— PROBLEM DESCRIPTION —
If a line of the records contains the string "ultimately", copy it out.

(Stored dataset items)

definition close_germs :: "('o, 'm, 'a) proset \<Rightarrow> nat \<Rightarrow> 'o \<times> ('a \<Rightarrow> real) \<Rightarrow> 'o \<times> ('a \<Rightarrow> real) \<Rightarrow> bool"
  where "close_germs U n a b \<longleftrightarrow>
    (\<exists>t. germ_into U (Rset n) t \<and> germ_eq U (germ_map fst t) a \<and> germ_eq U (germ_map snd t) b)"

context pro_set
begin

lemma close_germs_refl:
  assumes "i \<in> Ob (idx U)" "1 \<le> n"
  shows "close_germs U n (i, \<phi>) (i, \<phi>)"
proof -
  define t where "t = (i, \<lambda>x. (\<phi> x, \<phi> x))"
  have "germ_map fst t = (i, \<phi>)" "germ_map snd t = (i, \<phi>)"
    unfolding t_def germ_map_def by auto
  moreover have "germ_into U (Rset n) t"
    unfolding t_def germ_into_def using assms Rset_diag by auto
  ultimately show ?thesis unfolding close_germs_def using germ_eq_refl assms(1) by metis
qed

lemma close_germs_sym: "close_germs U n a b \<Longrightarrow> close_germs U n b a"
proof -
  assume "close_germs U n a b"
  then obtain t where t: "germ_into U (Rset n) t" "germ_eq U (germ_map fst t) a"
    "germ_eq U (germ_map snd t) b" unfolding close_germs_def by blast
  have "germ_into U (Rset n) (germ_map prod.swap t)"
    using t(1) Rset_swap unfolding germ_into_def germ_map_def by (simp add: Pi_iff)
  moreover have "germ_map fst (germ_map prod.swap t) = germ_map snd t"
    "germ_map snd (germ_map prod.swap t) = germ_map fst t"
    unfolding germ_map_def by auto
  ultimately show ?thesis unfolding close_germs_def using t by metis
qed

==

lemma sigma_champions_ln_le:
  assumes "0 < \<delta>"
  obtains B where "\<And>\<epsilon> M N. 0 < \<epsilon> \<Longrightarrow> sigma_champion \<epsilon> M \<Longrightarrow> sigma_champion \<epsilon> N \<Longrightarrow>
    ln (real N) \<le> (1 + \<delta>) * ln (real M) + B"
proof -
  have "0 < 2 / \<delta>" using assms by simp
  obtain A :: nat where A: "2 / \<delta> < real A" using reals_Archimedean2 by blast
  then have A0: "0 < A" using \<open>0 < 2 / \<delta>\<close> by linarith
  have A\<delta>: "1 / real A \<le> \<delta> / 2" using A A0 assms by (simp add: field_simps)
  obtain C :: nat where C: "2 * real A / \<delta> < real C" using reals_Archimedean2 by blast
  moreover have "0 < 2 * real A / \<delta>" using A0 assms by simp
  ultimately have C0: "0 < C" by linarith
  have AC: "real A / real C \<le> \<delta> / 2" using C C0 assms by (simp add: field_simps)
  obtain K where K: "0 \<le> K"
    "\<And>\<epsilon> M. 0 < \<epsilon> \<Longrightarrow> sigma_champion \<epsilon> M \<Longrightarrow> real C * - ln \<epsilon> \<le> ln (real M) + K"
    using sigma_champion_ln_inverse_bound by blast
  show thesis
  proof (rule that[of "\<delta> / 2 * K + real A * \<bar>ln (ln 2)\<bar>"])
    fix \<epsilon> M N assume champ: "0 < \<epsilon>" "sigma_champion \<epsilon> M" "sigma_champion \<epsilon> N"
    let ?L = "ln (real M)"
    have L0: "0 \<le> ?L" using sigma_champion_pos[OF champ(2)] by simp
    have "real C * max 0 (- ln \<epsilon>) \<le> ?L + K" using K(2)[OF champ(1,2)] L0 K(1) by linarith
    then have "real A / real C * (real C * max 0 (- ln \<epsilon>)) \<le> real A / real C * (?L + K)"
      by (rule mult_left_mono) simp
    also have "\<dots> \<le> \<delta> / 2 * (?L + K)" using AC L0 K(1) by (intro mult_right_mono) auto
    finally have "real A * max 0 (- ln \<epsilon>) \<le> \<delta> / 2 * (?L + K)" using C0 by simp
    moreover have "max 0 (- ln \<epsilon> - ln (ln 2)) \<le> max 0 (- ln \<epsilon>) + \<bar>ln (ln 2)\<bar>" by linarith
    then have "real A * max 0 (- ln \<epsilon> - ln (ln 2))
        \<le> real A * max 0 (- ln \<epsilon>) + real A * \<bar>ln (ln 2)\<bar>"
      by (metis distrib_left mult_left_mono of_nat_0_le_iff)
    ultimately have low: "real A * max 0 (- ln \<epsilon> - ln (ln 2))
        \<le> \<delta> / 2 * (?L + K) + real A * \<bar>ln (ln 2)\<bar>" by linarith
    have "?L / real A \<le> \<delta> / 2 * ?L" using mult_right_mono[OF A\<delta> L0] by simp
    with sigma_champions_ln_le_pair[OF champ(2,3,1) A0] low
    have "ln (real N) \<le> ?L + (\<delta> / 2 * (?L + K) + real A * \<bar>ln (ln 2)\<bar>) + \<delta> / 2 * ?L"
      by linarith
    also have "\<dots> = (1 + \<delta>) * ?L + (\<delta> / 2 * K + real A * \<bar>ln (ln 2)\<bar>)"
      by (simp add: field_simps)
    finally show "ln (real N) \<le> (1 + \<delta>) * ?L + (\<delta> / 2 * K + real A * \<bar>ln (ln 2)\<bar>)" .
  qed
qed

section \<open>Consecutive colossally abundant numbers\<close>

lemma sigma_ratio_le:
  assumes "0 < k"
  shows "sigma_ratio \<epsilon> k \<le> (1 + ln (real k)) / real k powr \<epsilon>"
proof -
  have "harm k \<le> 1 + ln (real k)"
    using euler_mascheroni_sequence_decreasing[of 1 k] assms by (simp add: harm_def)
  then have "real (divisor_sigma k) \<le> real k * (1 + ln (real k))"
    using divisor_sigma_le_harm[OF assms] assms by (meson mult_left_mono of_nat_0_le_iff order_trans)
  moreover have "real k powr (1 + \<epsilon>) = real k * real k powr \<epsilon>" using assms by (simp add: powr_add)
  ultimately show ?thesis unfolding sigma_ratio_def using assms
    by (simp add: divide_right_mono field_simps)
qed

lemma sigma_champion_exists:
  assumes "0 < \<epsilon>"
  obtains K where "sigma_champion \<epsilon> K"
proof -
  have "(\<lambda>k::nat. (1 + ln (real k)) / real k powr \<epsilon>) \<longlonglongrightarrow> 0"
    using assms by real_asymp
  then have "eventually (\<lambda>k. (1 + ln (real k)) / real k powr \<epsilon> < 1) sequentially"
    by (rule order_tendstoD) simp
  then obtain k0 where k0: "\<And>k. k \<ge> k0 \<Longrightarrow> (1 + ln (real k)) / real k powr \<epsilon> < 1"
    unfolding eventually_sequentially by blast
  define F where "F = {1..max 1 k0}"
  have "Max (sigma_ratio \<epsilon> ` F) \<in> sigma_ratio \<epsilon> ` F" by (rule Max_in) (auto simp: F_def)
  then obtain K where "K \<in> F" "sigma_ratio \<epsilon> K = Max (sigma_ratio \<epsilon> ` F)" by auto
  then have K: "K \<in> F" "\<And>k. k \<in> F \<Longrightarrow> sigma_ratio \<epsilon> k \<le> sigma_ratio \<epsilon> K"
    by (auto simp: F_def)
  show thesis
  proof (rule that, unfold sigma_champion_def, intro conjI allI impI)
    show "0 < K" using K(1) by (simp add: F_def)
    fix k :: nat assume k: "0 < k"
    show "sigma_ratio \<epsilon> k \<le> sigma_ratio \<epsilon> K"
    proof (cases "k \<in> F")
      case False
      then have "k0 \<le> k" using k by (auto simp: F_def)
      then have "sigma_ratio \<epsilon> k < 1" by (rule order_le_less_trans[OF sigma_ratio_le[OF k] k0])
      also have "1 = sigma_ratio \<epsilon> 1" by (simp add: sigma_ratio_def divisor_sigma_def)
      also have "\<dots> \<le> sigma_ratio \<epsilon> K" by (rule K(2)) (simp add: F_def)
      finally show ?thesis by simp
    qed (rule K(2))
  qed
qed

* * *

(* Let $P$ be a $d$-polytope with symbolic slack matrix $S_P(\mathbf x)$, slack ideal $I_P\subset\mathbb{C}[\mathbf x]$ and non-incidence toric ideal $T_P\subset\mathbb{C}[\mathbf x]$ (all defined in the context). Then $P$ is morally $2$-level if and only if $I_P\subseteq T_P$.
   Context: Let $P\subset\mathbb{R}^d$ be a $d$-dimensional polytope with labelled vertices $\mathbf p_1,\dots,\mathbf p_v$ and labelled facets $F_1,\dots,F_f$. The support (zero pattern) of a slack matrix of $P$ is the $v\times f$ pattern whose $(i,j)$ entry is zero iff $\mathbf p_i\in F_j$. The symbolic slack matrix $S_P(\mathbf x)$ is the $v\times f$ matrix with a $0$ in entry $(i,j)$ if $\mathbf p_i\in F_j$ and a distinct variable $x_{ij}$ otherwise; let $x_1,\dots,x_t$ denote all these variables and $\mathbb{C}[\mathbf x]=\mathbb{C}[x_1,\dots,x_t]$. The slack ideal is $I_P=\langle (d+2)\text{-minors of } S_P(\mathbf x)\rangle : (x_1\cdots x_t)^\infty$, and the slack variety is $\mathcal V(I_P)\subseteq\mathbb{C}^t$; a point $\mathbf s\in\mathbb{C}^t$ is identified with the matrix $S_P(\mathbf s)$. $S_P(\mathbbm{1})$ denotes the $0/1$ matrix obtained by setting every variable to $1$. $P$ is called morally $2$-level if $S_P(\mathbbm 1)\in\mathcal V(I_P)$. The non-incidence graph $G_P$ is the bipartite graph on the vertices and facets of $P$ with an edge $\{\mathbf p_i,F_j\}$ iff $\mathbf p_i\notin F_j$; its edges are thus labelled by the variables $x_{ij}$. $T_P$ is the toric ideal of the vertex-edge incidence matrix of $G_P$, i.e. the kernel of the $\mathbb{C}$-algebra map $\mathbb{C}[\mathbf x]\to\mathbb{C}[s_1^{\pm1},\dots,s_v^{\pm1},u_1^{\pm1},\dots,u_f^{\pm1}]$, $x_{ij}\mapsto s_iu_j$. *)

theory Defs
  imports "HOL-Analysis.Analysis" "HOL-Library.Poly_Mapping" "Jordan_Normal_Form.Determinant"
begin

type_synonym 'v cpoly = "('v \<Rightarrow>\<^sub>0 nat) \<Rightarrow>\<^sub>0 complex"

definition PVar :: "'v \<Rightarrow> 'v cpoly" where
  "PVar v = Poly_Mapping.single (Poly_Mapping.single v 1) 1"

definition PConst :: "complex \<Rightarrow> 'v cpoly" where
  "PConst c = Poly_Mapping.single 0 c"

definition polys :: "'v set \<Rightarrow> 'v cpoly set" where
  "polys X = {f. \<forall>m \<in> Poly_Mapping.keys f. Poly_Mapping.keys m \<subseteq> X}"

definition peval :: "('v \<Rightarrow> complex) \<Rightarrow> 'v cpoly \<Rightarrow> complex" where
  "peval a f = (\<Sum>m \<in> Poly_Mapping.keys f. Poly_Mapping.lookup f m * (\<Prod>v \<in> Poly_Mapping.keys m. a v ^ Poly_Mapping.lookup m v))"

— YOUR RESPONSE —
  ultimately show ?thesis unfolding close_germs_def using germ_eq_refl assms(1) by metis
  ultimately show ?thesis unfolding close_germs_def using t by metis
  ultimately have C0: "0 < C" by linarith
    ultimately have low: "real A * max 0 (- ln \<epsilon> - ln (ln 2))
  ultimately show ?thesis unfolding sigma_ratio_def using assms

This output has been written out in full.